Of all narrative genres it is more than arguable that Horror and Thriller stories lend themselves most profoundly to interactive engagement. A great lover of Horror of films I may be, but I can still say that there is no Horror film ever made (even my dear beloved The Exorcist) that can scare me quite like the greatest of Horror interactive experiences. Amnesia, Silent Hill, Doom 3, The Shalebridge Cradle from Theif 3, Ravenholm from Half Life 2, and so on…
When at their best, dark genre narratives, even in traditional mediums, demand personal reflection and projection of self. I’ve written many times about the fundamental idea of “there but for the grace of God go I…” that is so crucial to a true Horror experience, the imagining of Self into dark transgressive circumstances. And it’s this that makes Horror such a fertile genre space for interactivity - the immersion of ourselves into our own fears, personification in that which haunts us…
So it’s with this symbiosis between Horror and Interactivity that I was particularly excited to be working this past year with feature-film director Ursula Dabrowski and her comic book and video game expert collaborator Dan Thorsland on an interactive Horror experience called Demon House.
Ursula is soon to release the second in a trilogy of Horror feature films - Family Demons, Inner Demon and Demon Heart - and Demon House represents a brave venture into interactive extensions on her unique dark storyworld.
Demon House was developed as part of the South Australian Film Corporations Digital 360Lab which i was involved in leading as a six month intensive development process focusing on an holistic approach to interactive and multiplatform projects.

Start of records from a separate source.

lemma polygonal_length_max_ge:
  fixes g :: "real \<Rightarrow> 'a::metric_space"
  assumes "sorted ts" "\<forall>u\<in>set ts. u = t0 \<or> t' \<le> u" "t0 \<le> t'"
  shows "polygonal_length dist g ts - dist (g t0) (g t') \<le> polygonal_length dist g (map (max t') ts)"
  using assms
proof (induction ts rule: induct_list012)
  case (3 x y zs)
  have id: "map (max t') us = us" if "\<forall>u\<in>set us. t' \<le> u" for us
    using that by (induction us) auto
  consider "t' \<le> x" | "x = t0" "x < t'" "t' \<le> y" | "x = t0" "y = t0" "x < t'"
    using "3.prems"(2,3) by force
  then show ?case
  proof cases
    case 1
    then show ?thesis using "3.prems" id[of "x # y # zs"] by force
  next
    case 2
    then have "map (max t') (x # y # zs) = t' # y # zs" using "3.prems" id[of "y # zs"] by force
    then show ?thesis using 2 dist_triangle[of "g t0" "g y" "g t'"] by simp
  next
    case 3
    then show ?thesis using "3.IH"(2) "3.prems" by simp
  qed
qed simp_all

text \<open>Only meaningful for curves of finite length: \<open>real_of_ereal \<infinity> = 0\<close>.\<close>

definition curve_length :: "(real \<Rightarrow> 'a::metric_space) \<Rightarrow> real \<Rightarrow> real \<Rightarrow> real" where
  "curve_length g a b = real_of_ereal (length_wrt dist g a b)"

lemma curve_length_nonneg: "0 \<le> curve_length g a b"
  unfolding curve_length_def using length_wrt_nonneg[of dist g a b] by (simp add: real_of_ereal_pos)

Ursula and Dan walked in the door with a feature film and proceeded to mine it for interactive mechanics, role-play, immersion and cross-media potential.
The result is the first iteration of Demon House as an EPOC (electronic proof of concept) game experience.

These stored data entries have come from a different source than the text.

lemma elliptic_env_pos: "elliptic_env \<kappa> \<omega> \<Longrightarrow> 0 < \<omega> x i"
  unfolding elliptic_env_def by blast

lemma elliptic_env_tr_env_pos: "elliptic_env \<kappa> \<omega> \<Longrightarrow> 0 < tr_env \<omega> x"
  by (rule tr_env_pos) (rule elliptic_env_pos)

lemma elliptic_env_weight_nonneg:
  assumes "elliptic_env \<kappa> \<omega>"
  shows "0 \<le> env_weight \<omega> x i"
  using elliptic_env_pos[OF assms] elliptic_env_tr_env_pos[OF assms]
  unfolding env_weight_def by (simp add: less_imp_le)

lemma elliptic_env_weight_ge:
  assumes "elliptic_env \<kappa> \<omega>"
  shows "\<kappa> \<le> env_weight \<omega> x i"
proof -
  have "2 * \<kappa> \<le> \<omega> x i / tr_env \<omega> x"
    using assms unfolding elliptic_env_def by blast
  then show ?thesis
    using elliptic_env_tr_env_pos[OF assms] unfolding env_weight_def by (simp add: field_simps)
qed

lemma elliptic_env_weighted_sum_ge:
  assumes "elliptic_env \<kappa> \<omega>" and "\<And>i. 0 \<le> f i"
  shows "\<kappa> * (\<Sum>i\<in>UNIV. f i) \<le> (\<Sum>i\<in>UNIV. env_weight \<omega> x i * f i)"
  unfolding sum_distrib_left
  by (intro sum_mono mult_right_mono elliptic_env_weight_ge assms)

lemma lnorm_nonneg: "0 \<le> lnorm x"
  unfolding lnorm_def by (simp add: sum_nonneg)

lemma lnorm_power2: "(lnorm x)\<^sup>2 = (\<Sum>i\<in>UNIV. (real_of_int (x $ i))\<^sup>2)"
  unfolding lnorm_def by (simp add: sum_nonneg)

lemma component_power2_le_lnorm: "(real_of_int (x $ i))\<^sup>2 \<le> (lnorm x)\<^sup>2"
  unfolding lnorm_power2 by (rule member_le_sum) auto

lemma abs_component_le_lnorm: "\<bar>real_of_int (x $ i)\<bar> \<le> lnorm x"
  using component_power2_le_lnorm[of x i] lnorm_nonneg[of x] by (metis abs_le_square_iff abs_of_nonneg)

lemma lnorm_add_unit_vec_power2:
  "(lnorm (x + unit_vec i))\<^sup>2 = (lnorm x)\<^sup>2 + 2 * real_of_int (x $ i) + 1"
proof -
  have "(real_of_int ((x + unit_vec i) $ j))\<^sup>2
      = (real_of_int (x $ j))\<^sup>2 + (if j = i then 2 * real_of_int (x $ i) + 1 else 0)" for j
    by (auto simp: unit_vec_def power2_eq_square algebra_simps)
  then show ?thesis
    unfolding lnorm_power2 by (simp add: sum.distrib)
qed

The project Demon House is effectively a turn-based and very personal horror strategy experience described as:
“a Freemium game for web and tablets based on Ursula Dabrowsky’s Demon Trilogy of films. It is a game of real-world horror. The horror of people who are trapped, and the shameful secrets that turned their captors into Demons.”

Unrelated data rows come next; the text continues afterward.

lemma transpose_last_comp_permutes:
  fixes s :: "nat \<Rightarrow> nat"
  assumes sp: "s permutes {1..m}" and m: "0 < m"
  shows "Transposition.transpose m (s m) \<circ> s permutes {1..m - 1}"
proof (rule permutes_superset)
  have "m \<in> {1..m}" using m by simp
  moreover from this have "s m \<in> {1..m}" by (simp only: permutes_in_image[OF sp])
  ultimately show "Transposition.transpose m (s m) \<circ> s permutes {1..m}"
    by (intro permutes_compose sp permutes_swap_id)
  fix x assume "x \<in> {1..m} - {1..m - 1}"
  then have "x = m" by auto
  then show "(Transposition.transpose m (s m) \<circ> s) x = x" by simp
qed

lemma valpha_transpose_last:
  assumes sp: "s permutes {1..m}" and sm_ne: "s m \<noteq> m" and m: "0 < m"
  defines "\<gamma> \<equiv> Transposition.transpose m (s m) \<circ> s" and "q \<equiv> inv s m"
  shows "valpha \<gamma> (Some q) (m - 1) = s"
proof
  fix y
  obtain n where mn: "m = Suc n" using m by (cases m) auto
  have \<gamma>: "\<gamma> permutes {1..m - 1}" unfolding \<gamma>_def by (rule transpose_last_comp_permutes[OF sp m])
  have sq: "s q = m" by (simp add: q_def permutes_inverses(1)[OF sp])
  have m_in: "m \<in> {1..m}" using m by simp
  then have sm: "s m \<in> {1..m}" by (simp only: permutes_in_image[OF sp])
  have "q \<in> {1..m}" unfolding q_def using m_in by (simp only: permutes_in_image[OF permutes_inv[OF sp]])
  then have q_lt: "q < m" using sq sm_ne by (cases "q = m") auto
  have s_lt: "s y < m" if "y < m" "y \<noteq> q" for y
  proof (cases "y = 0")
    case False
    then have "s y \<in> {1..m}" using permutes_in_image[OF sp] that by simp
    moreover have "s y \<noteq> m" using that sq permutes_inj[OF sp] by (metis injD)
    ultimately show ?thesis by simp
  qed (use sp m in \<open>simp add: permutes_not_in\<close>)
  show "valpha \<gamma> (Some q) (m - 1) y = s y"
  proof (cases "y < m")
    case True
    show ?thesis
    proof (cases "y = q")
      case False
      then have "s y \<noteq> m" "s y \<noteq> s m" using True sq permutes_inj[OF sp] by (metis injD less_irrefl)+
      then have "\<gamma> y = s y" by (simp add: \<gamma>_def)
      then show ?thesis
        using valpha_ins_shift[of \<gamma> "Some q" n y] True False s_lt[OF True False] mn
        by (simp add: ins_shift_def)
    qed (use valpha_ins_shift[of \<gamma> "Some q" n q] True sq mn in \<open>simp add: ins_shift_def\<close>)
  next
    case ge: False
    show ?thesis
    proof (cases "y = m")
      case True
      have "\<gamma> q = s m" by (simp add: \<gamma>_def sq)
      then show ?thesis using True valpha_new_point(1)[of \<gamma> q n] sm sm_ne mn by (simp add: ins_shift_def)
    next
      case False
      have "y - 1 \<notin> {1..m - 1}" "q \<noteq> y - 1" using ge False q_lt by auto
      moreover have "ins_shift n (y - 1) = y" using ge False mn by (simp add: ins_shift_def)
      moreover have "s y = y" using ge False by (intro permutes_not_in[OF sp]) simp
      ultimately show ?thesis
        using valpha_ins_shift[of \<gamma> "Some q" n "y - 1"] permutes_not_in[OF \<gamma>] mn by simp
    qed
  qed
qed

lemma mcycle_valpha_decomposition:
  assumes m: "2 \<le> m" and s: "is_mcycle m s"
  obtains \<gamma> q where "\<gamma> permutes {1..m - 1}" "q \<in> {1..m - 1}" "valpha \<gamma> (Some q) (m - 1) = s"
proof
  have sp: "s permutes {1..m}" using s by (simp add: is_mcycle_def)
  have sm_ne: "s m \<noteq> m" by (rule mcycle_moves_last[OF m s])
  show "Transposition.transpose m (s m) \<circ> s permutes {1..m - 1}"
    using transpose_last_comp_permutes[OF sp] m by simp
  show "valpha (Transposition.transpose m (s m) \<circ> s) (Some (inv s m)) (m - 1) = s"
    using valpha_transpose_last[OF sp sm_ne] m by simp
  have "inv s m \<in> {1..m}" "s (inv s m) = m"
    using permutes_in_image[OF permutes_inv[OF sp], of m] permutes_inverses(1)[OF sp] m by simp_all
  then show "inv s m \<in> {1..m - 1}" using sm_ne by (cases "inv s m = m") auto
qed

lemma std_cycle_conj_diff_in_vass_cyc_elts:
  assumes m: "2 \<le> m" and s: "s \<in> mcycles m"
  shows "gvec (std_cycle_conj m s) - gvec s \<in> vass_cyc_elts m"
proof -
  have sc: "is_mcycle m s" using s by (simp add: mcycles_def)
  obtain \<gamma> q where \<gamma>: "\<gamma> permutes {1..m - 1}" and q: "q \<in> {1..m - 1}"
    and last: "valpha \<gamma> (Some q) (m - 1) = s"
    by (rule mcycle_valpha_decomposition[OF m sc])
  have all: "valpha \<gamma> (Some q) t \<in> mcycles m" if "t < m" for t
  proof -
    have "valpha \<gamma> (Some q) t \<circ> insertion_perm m t = insertion_perm m t \<circ> s"
      using valpha_intertwine_insertion_perm[OF \<gamma> q that] unfolding last .
    then show ?thesis
      using is_mcycle_intertwine[OF insertion_perm_permutes[OF that] sc] by (simp add: mcycles_def)
  qed
  have one: "1 \<in> {1..m - 1}" using m by simp
  have "{1..m - 1} = {(\<gamma> ^^ k) 1 | k. True}"
    using all[of "m - 1"] m
    by (intro perm_cycles_transitive[OF \<gamma> _ one, symmetric] transitive_if_valpha_mcycle) auto
  then have v: "{1..m - 1} \<in> perm_cycles (m - 1) \<gamma>"
    unfolding perm_cycles_def using one by blast
  have "vass_elt \<gamma> (Some q) {1..m - 1} = gvec (std_cycle_conj m s) - gvec s"
    using vass_elt_full_cycle[OF \<gamma> q _, unfolded last] m by simp
  moreover have "vass_elt \<gamma> (Some q) {1..m - 1} \<in> vass_cyc_elts m"
  proof -
    have "\<forall>j\<in>{1..m - 1}. valpha \<gamma> (Some q) (j - 1) \<in> mcycles m \<and> valpha \<gamma> (Some q) j \<in> mcycles m"
      using all m by auto
    moreover have "Some q = None \<or> (\<exists>i\<in>{1..m - 1}. Some q = Some i)" using q by blast
    ultimately show ?thesis unfolding vass_cyc_elts_def using m \<gamma> v by blast
  qed
  ultimately show ?thesis by simp
qed

lemma vass_cyc_elts_eq:
  assumes "2 \<le> m"
  shows "vass_cyc_elts m = (\<lambda>s. gvec (std_cycle_conj m s) - gvec s) ` mcycles m"
  using vass_cyc_elt_is_std_cycle_conj_diff[OF assms] std_cycle_conj_diff_in_vass_cyc_elts[OF assms]
  by blast

lemma span_vass_cyc_elts:
  assumes "0 < m"
  shows "galg.span (vass_cyc_elts m) = galg.span ((\<lambda>s. gvec (std_cycle_conj m s) - gvec s) ` mcycles m)"
proof (cases "2 \<le> m")
  case False
  then have "m = 1" using assms by simp
  then have "std_cycle_conj m s = s" for s
    by (simp add: std_cycle_conj_def std_cycle_def fun_eq_iff)
  then have "(\<lambda>s. gvec (std_cycle_conj m s) - gvec s) ` mcycles m \<subseteq> galg.span {}"
    using galg.span_zero by auto
  moreover have "vass_cyc_elts m = {}" using False by (simp add: vass_cyc_elts_def)
  ultimately show ?thesis using galg.span_eq by (metis empty_subsetI)
qed (simp add: vass_cyc_elts_eq)

section \<open>The dimension of H_(m)\<close>

lemma dim_H_eq_card_orbits:
  assumes m: "0 < m"
  shows "dim_H m = card (orbits (integer_mod_group m) (mcycles m)
    (cyclic_action (std_cycle_conj m) (mcycles m)))"
  unfolding dim_H_def span_vass_cyc_elts[OF m]
  using std_cycle_conj_mcycles[OF m] std_cycle_conj_funpow_period[OF m] finite_mcycles
  by (intro dim_span_gvec_step_differences[OF m]) auto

Whilst standing on the shoulders of a long tradition of game-horror, Demon House also brings very fresh thinking to the interactive horror experience, drawing on personal engagement and emotional strategy.
Demon House represents some bad-ass-big-thinking about interactive media and it was such a pleasure to see Ursula and Dan take what was a straight indie horror film narrative and then mine it, and extend it, into something fresh, compelling and ambitious.
Moreover, Demon House is a prime example of an iterative and audience-facing development process. Rather than the ‘build in secret and emerge fully-formed’ mentality that has so dominated creative endeavors for the past 100 years (and which is so antithetical to the online environment), the ideas and the product are tested with the audience in an open and genuinely responsive way.
Strategically Demon House also fills a crucial and pragmatic audience-building strategy for Ursula’s trilogy of films. It maintains audience engagement for audiences between film releases, rewards committed fans, extends the experiences for greater satisfaction and builds new audiences over a long-tail, in a way that a feature film distribution cycle on it’s own cannot.
Demon House will be shown at the Adelaide Film Festival as part of the Little Miss Cross Over program, along with a ‘Meet the Makers’ discussion session. I strongly advise if you’re heading to Adelaide, not to miss it.